Когда начинаешь изучать творчество какого-либо художника в целом, обычно обнаруживаешь у него некую подспудную сквозную тему, некий скрытый, но постоянный мотив. Так, например, постоянный мотив у Жерико – стойкость. У Рембрандта – процесс старения. Этот постоянный мотив отражает особую предрасположенность авторского воображения, приоткрывает ту область человеческого существования, к которой творческий темперамент художника заставляет его возвращаться вновь и вновь; это та область, откуда автор черпает критерии и предпочтения, когда сталкивается с обычными, разрозненными сюжетами, которые каждый день подбрасывает жизнь. Едва ли найдется хоть одно полотно Рембрандта, где мотив старения не был бы так или иначе обозначен. У Матисса такой лейтмотив – благословенная праздность. У Пикассо – вечный круг созидания и разрушения. У Леже – механизация. Он не способен написать пейзаж без того, чтобы не поместить в него опору линии электропередачи или хотя бы телеграфные провода. Он не может написать дерево, не расположив рядом распиленные доски или телеграфные столбы. Какой бы естественный объект Леже ни писал, он обязательно сопоставит его с искусственным, произведенным человеком, – словно от такого сопоставления оба приобретают большее значение. Только когда Леже пишет обнаженную женщину, он отказывается от своей привычки: женщина у него несравненна.
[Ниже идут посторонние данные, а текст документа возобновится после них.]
(* Let $\Phi$ be a formal diffeomorphism. Suppose that $\Phi$ formally conjugates an analytic vector field $S+N_k+R_k$, where $N_k$ is resonant of quasi-order $1$ and $R_k$ has quasi-order $k+1$, to a formal resonant vector field $NF_1=S+R$, where $R$ has quasi-order $1$; that is, for all $j\in\mathbb{N}$, $$T^j(DT^j\Phi\cdot NF_1)=T^j\big[(S+N_k+R_k)\circ T^j\Phi\big].$$ Then $T^k\Phi$ is a resonant diffeomorphism.
   Context: Fix $\omega\in\mathbb{R}^d$, $\lambda_1,\dots,\lambda_n\in\mathbb{C}$, $S=\sum_{j=1}^d\omega_j\partial_{X_j}+\sum_{j'=1}^n\lambda_{j'}Y_{j'}\partial_{Y_{j'}}$. $X$ periodic, $Y\in\mathbb{C}^n$, $|Q|=\sum Q_j$, $\langle Q,\Lambda\rangle=\sum Q_j\lambda_j$. Formal Fourier–Taylor series: $f=\sum f_{P,Q}e^{i\langle P,X\rangle}Y^Q$ with $\sum_P|f_{P,Q}|^2<\infty$ for each $Q$; order $k$ if $f_{P,Q}=0$ for $|Q|\le k-1$; resonant if $f_{P,Q}\neq0\Rightarrow i\langle P,\omega\rangle+\langle Q,\Lambda\rangle=0$. A (formal) vector field $F=(F_1,\dots,F_{d+n})$ has quasi-order $k$ if $F_1,\dots,F_d$ have order $k$ and $F_{d+1},\dots,F_{d+n}$ have order $k+1$; it is resonant if $F_1,\dots,F_d$ are resonant and $F_{d+j',P,Q}\ne0\Rightarrow i\langle P,\omega\rangle+\langle Q,\Lambda\rangle-\lambda_{j'}=0$. Truncation: $T^kf=\sum_{|Q|\le k}f_{P,Q}e^{i\langle P,X\rangle}Y^Q$; for vector fields/maps $T^kF=(T^kF_1,\dots,T^kF_d,T^{k+1}F_{d+1},\dots,T^{k+1}F_{d+n})$; degree $k$ means $T^kF=F$. A formal diffeomorphism $\Phi$ is a sequence $(\Phi_k)$ of analytic diffeomorphisms on non-increasing domains, $\Phi_k$ of degree $k$, $T^j\Phi_k=\Phi_j$ (restricted) for $j\le k$; $T^k\Phi:=\Phi_k$. For a map of the form $\Phi_j=X_j+\tilde\Phi_j$ ($j\le d$), $\Phi_{d+j'}=Y_{j'}\tilde\Phi_{d+j'}$, it is resonant if all $\tilde\Phi_j$ are resonant series; $T^k\Phi$ resonant means all $T^k\tilde\Phi_j$ are resonant. *)

theory Defs
  imports "HOL-Analysis.Analysis"
begin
Некоторые художники XX века интересовались машинами – хотя, как ни странно, большинство техникой как раз не интересовалось. Футуристы в Италии, Мондриан и движение «Стиль» в Голландии, конструктивисты в России, Уиндем Льюис и прочие вортицисты в Англии, художники вроде Роже де ла Френе и Робера Делоне во Франции – все они придумывали эстетические теории, основанные на машинерии, но никто не думал о машине как способе производства, который самым революционным образом изменяет человеческие отношения. Для них машина – это божество, «символ» современной жизни, средство удовлетворить личную жажду власти, чудовище Франкенштейна, чарующая загадка… Они относились к машине так, словно она была новой звездой на небосклоне, хотя не могли договориться между собой о том, что именно она предвещает. И только Леже смотрел на это иначе. Он один видел в машине то, чем она и является: орудие производства, которое и в практическом, и в историческом смысле оказалось в руках человека.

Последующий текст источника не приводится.